▸ **ASSIGNED TASK**:
Once you reach the line that holds "smult \<beta> r" in the listing below, output it and every line after it through the line that holds "inj (beta_r smult", word for word.

▸ **SUPPLIED ENTRIES**:

(* Let $\rho=(R,V,\beta,\Phi)$ be a form ring such that at least one code of Type $\rho$ exists. Then $$\gcd\{N\ge1:\exists\ C\le V^N \text{ of Type }\rho\}=\min\{N\ge1:\exists\ C\le V^N\text{ of Type }\rho\}.$$
   Context: Let $R$ be a finite ring with $1$ and $V$ a finite left $R$-module. $\mathrm{Bil}(V,\mathbb Q/\mathbb Z)$ denotes the group of $\mathbb Z$-bilinear maps $V\times V\to\mathbb Q/\mathbb Z$; for $\beta$ in it and $r\in R$ write $\beta_r(v,w):=\beta(v,rw)$ and $\beta^\tau(v,w):=\beta(w,v)$. $\beta$ is nonsingular if $v\mapsto\beta(v,\cdot)$ is an isomorphism $V\to\mathrm{Hom}(V,\mathbb Q/\mathbb Z)$. $\mathrm{Quad}_0(V,\mathbb Q/\mathbb Z)$ is the group of maps $\phi:V\to\mathbb Q/\mathbb Z$ with $\phi(0)=0$ and $\phi(x+y+z)-\phi(x+y)-\phi(x+z)-\phi(y+z)+\phi(x)+\phi(y)+\phi(z)=0$ for all $x,y,z\in V$. For $r\in R$ put $(\phi[r])(v):=\phi(rv)$; a sub-$R$-qmodule of $\mathrm{Quad}_0(V,\mathbb Q/\mathbb Z)$ is a subgroup closed under all maps $\phi\mapsto\phi[r]$. Define $\{\!\{\beta\}\!\}(v):=\beta(v,v)$ and $\lambda(\phi)(v,w):=\phi(v+w)-\phi(v)-\phi(w)$. $\beta$ is admissible if it is nonsingular, $M:=\{\beta_r:r\in R\}$ is closed under $\tau$, and $r\mapsto\beta_r$ is a bijection $R\to M$. A form ring is a quadruple $\rho=(R,V,\beta,\Phi)$ with $\beta$ admissible and $\Phi$ a sub-$R$-qmodule of $\mathrm{Quad}_0(V,\mathbb Q/\mathbb Z)$ such that $\{\!\{m\}\!\}\in\Phi$ for all $m\in M$ and $\lambda(\Phi)\subseteq M$. A code of length $N$ is a left $R$-submodule $C\le V^N$; $C^\perp=\{x\in V^N:\sum_i\beta(x_i,c_i)=0\ \forall c\in C\}$; $C$ is self-dual if $C=C^\perp$, isotropic if $\sum_i\phi(c_i)=0$ for all $c\in C,\phi\in\Phi$; a code of Type $\rho$ is a self-dual isotropic code. *)

theory Defs
  imports Complex_Main
begin

definition qz_rel :: "rat \<Rightarrow> rat \<Rightarrow> bool" where
  "qz_rel x y \<longleftrightarrow> x - y \<in> \<int>"

quotient_type qz = rat / qz_rel
proof (rule equivpI)
  show "reflp qz_rel" by (rule reflpI) (simp add: qz_rel_def)
  show "symp qz_rel"
  proof (rule sympI)
    fix x y assume "qz_rel x y"
    then have "- (x - y) \<in> \<int>" unfolding qz_rel_def by (rule Ints_minus)
    then show "qz_rel y x" by (simp add: qz_rel_def)
  qed
  show "transp qz_rel"
  proof (rule transpI)
    fix x y z assume "qz_rel x y" "qz_rel y z"
    then have "(x - y) + (y - z) \<in> \<int>" unfolding qz_rel_def by (rule Ints_add)
    then show "qz_rel x z" by (simp add: qz_rel_def)
  qed
qed

instantiation qz :: ab_group_add
begin
lift_definition zero_qz :: qz is "0::rat" .
lift_definition plus_qz :: "qz \<Rightarrow> qz \<Rightarrow> qz" is "(+)"
proof -
  fix a b c d :: rat assume "qz_rel a b" "qz_rel c d"
  then have "(a - b) + (c - d) \<in> \<int>" unfolding qz_rel_def by (rule Ints_add)
  then show "qz_rel (a + c) (b + d)" by (simp add: qz_rel_def algebra_simps)
qed
lift_definition uminus_qz :: "qz \<Rightarrow> qz" is "uminus"
proof -
  fix a b :: rat assume "qz_rel a b"
  then have "- (a - b) \<in> \<int>" unfolding qz_rel_def by (rule Ints_minus)
  then show "qz_rel (- a) (- b)" by (simp add: qz_rel_def algebra_simps)
qed
lift_definition minus_qz :: "qz \<Rightarrow> qz \<Rightarrow> qz" is "(-)"
proof -
  fix a b c d :: rat assume "qz_rel a b" "qz_rel c d"
  then have "(a - b) - (c - d) \<in> \<int>" unfolding qz_rel_def by (rule Ints_diff)
  then show "qz_rel (a - c) (b - d)" by (simp add: qz_rel_def algebra_simps)
qed
instance
  by standard (transfer; simp add: qz_rel_def algebra_simps)+
end

definition left_module :: "('r::ring_1 \<Rightarrow> 'v::ab_group_add \<Rightarrow> 'v) \<Rightarrow> bool" where
  "left_module smult \<longleftrightarrow>
     (\<forall>r v w. smult r (v + w) = smult r v + smult r w) \<and>
     (\<forall>r s v. smult (r + s) v = smult r v + smult s v) \<and>
     (\<forall>r s v. smult (r * s) v = smult r (smult s v)) \<and>
     (\<forall>v. smult 1 v = v)"

definition additive_qz :: "('v::ab_group_add \<Rightarrow> qz) \<Rightarrow> bool" where
  "additive_qz f \<longleftrightarrow> (\<forall>v w. f (v + w) = f v + f w)"

definition bilinear_qz :: "('v::ab_group_add \<Rightarrow> 'v \<Rightarrow> qz) \<Rightarrow> bool" where
  "bilinear_qz \<beta> \<longleftrightarrow>
     (\<forall>v v' w. \<beta> (v + v') w = \<beta> v w + \<beta> v' w) \<and>
     (\<forall>v w w'. \<beta> v (w + w') = \<beta> v w + \<beta> v w')"

definition nonsingular :: "('v::ab_group_add \<Rightarrow> 'v \<Rightarrow> qz) \<Rightarrow> bool" where
  "nonsingular \<beta> \<longleftrightarrow> bij_betw (\<lambda>v. \<beta> v) UNIV {f. additive_qz f}"

definition beta_r :: "('r \<Rightarrow> 'v \<Rightarrow> 'v) \<Rightarrow> ('v \<Rightarrow> 'v \<Rightarrow> qz) \<Rightarrow> 'r \<Rightarrow> 'v \<Rightarrow> 'v \<Rightarrow> qz" where
  "beta_r smult \<beta> r = (\<lambda>v w. \<beta> v (smult r w))"

definition transp_form :: "('v \<Rightarrow> 'v \<Rightarrow> qz) \<Rightarrow> 'v \<Rightarrow> 'v \<Rightarrow> qz" where
  "transp_form \<beta> = (\<lambda>v w. \<beta> w v)"

definition admissible :: "('r::ring_1 \<Rightarrow> 'v::ab_group_add \<Rightarrow> 'v) \<Rightarrow> ('v \<Rightarrow> 'v \<Rightarrow> qz) \<Rightarrow> bool" where
  "admissible smult \<beta> \<longleftrightarrow>
     nonsingular \<beta> \<and>
     (\<forall>m \<in> range (beta_r smult \<beta>). transp_form m \<in> range (beta_r smult \<beta>)) \<and>
     inj (beta_r smult \<beta>)"

definition Quad0 :: "('v::ab_group_add \<Rightarrow> qz) set" where
  "Quad0 = {\<phi>. \<phi> 0 = 0 \<and>
     (\<forall>x y z. \<phi> (x + y + z) - \<phi> (x + y) - \<phi> (x + z) - \<phi> (y + z) + \<phi> x + \<phi> y + \<phi> z = 0)}"

definition sub_qmodule :: "('r \<Rightarrow> 'v::ab_group_add \<Rightarrow> 'v) \<Rightarrow> ('v \<Rightarrow> qz) set \<Rightarrow> bool" where
  "sub_qmodule smult \<Phi> \<longleftrightarrow>
     \<Phi> \<subseteq> Quad0 \<and> (\<lambda>_. 0) \<in> \<Phi> \<and>
     (\<forall>\<phi>\<in>\<Phi>. \<forall>\<psi>\<in>\<Phi>. (\<lambda>v. \<phi> v + \<psi> v) \<in> \<Phi>) \<and>
     (\<forall>\<phi>\<in>\<Phi>. (\<lambda>v. - \<phi> v) \<in> \<Phi>) \<and>
     (\<forall>\<phi>\<in>\<Phi>. \<forall>r. (\<lambda>v. \<phi> (smult r v)) \<in> \<Phi>)"

definition diag_form :: "('v \<Rightarrow> 'v \<Rightarrow> qz) \<Rightarrow> 'v \<Rightarrow> qz" where
  "diag_form \<beta> = (\<lambda>v. \<beta> v v)"

definition polar :: "('v::ab_group_add \<Rightarrow> qz) \<Rightarrow> 'v \<Rightarrow> 'v \<Rightarrow> qz" where
  "polar \<phi> = (\<lambda>v w. \<phi> (v + w) - \<phi> v - \<phi> w)"

definition form_ring ::
  "('r::{ring_1,finite} \<Rightarrow> 'v::{ab_group_add,finite} \<Rightarrow> 'v) \<Rightarrow> ('v \<Rightarrow> 'v \<Rightarrow> qz) \<Rightarrow> ('v \<Rightarrow> qz) set \<Rightarrow> bool" where
  "form_ring smult \<beta> \<Phi> \<longleftrightarrow>
     left_module smult \<and> bilinear_qz \<beta> \<and> admissible smult \<beta> \<and>
     sub_qmodule smult \<Phi> \<and>
     (\<forall>m \<in> range (beta_r smult \<beta>). diag_form m \<in> \<Phi>) \<and>
     polar ` \<Phi> \<subseteq> range (beta_r smult \<beta>)"

text \<open>Words of length N: functions nat => V vanishing outside {..<N} (a model of V^N).\<close>
definition words :: "nat \<Rightarrow> (nat \<Rightarrow> 'v::zero) set" where
  "words N = {x. \<forall>i\<ge>N. x i = 0}"

definition is_code :: "('r \<Rightarrow> 'v::ab_group_add \<Rightarrow> 'v) \<Rightarrow> nat \<Rightarrow> (nat \<Rightarrow> 'v) set \<Rightarrow> bool" where
  "is_code smult N C \<longleftrightarrow>
     C \<subseteq> words N \<and> (\<lambda>_. 0) \<in> C \<and>
     (\<forall>x\<in>C. \<forall>y\<in>C. (\<lambda>i. x i + y i) \<in> C) \<and>
     (\<forall>x\<in>C. \<forall>r. (\<lambda>i. smult r (x i)) \<in> C)"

▸ **FINAL ANSWER**:
  "beta_r smult \<beta> r = (\<lambda>v w. \<beta> v (smult r w))"

definition transp_form :: "('v \<Rightarrow> 'v \<Rightarrow> qz) \<Rightarrow> 'v \<Rightarrow> 'v \<Rightarrow> qz" where
  "transp_form \<beta> = (\<lambda>v w. \<beta> w v)"

definition admissible :: "('r::ring_1 \<Rightarrow> 'v::ab_group_add \<Rightarrow> 'v) \<Rightarrow> ('v \<Rightarrow> 'v \<Rightarrow> qz) \<Rightarrow> bool" where
  "admissible smult \<beta> \<longleftrightarrow>
     nonsingular \<beta> \<and>
     (\<forall>m \<in> range (beta_r smult \<beta>). transp_form m \<in> range (beta_r smult \<beta>)) \<and>
     inj (beta_r smult \<beta>)"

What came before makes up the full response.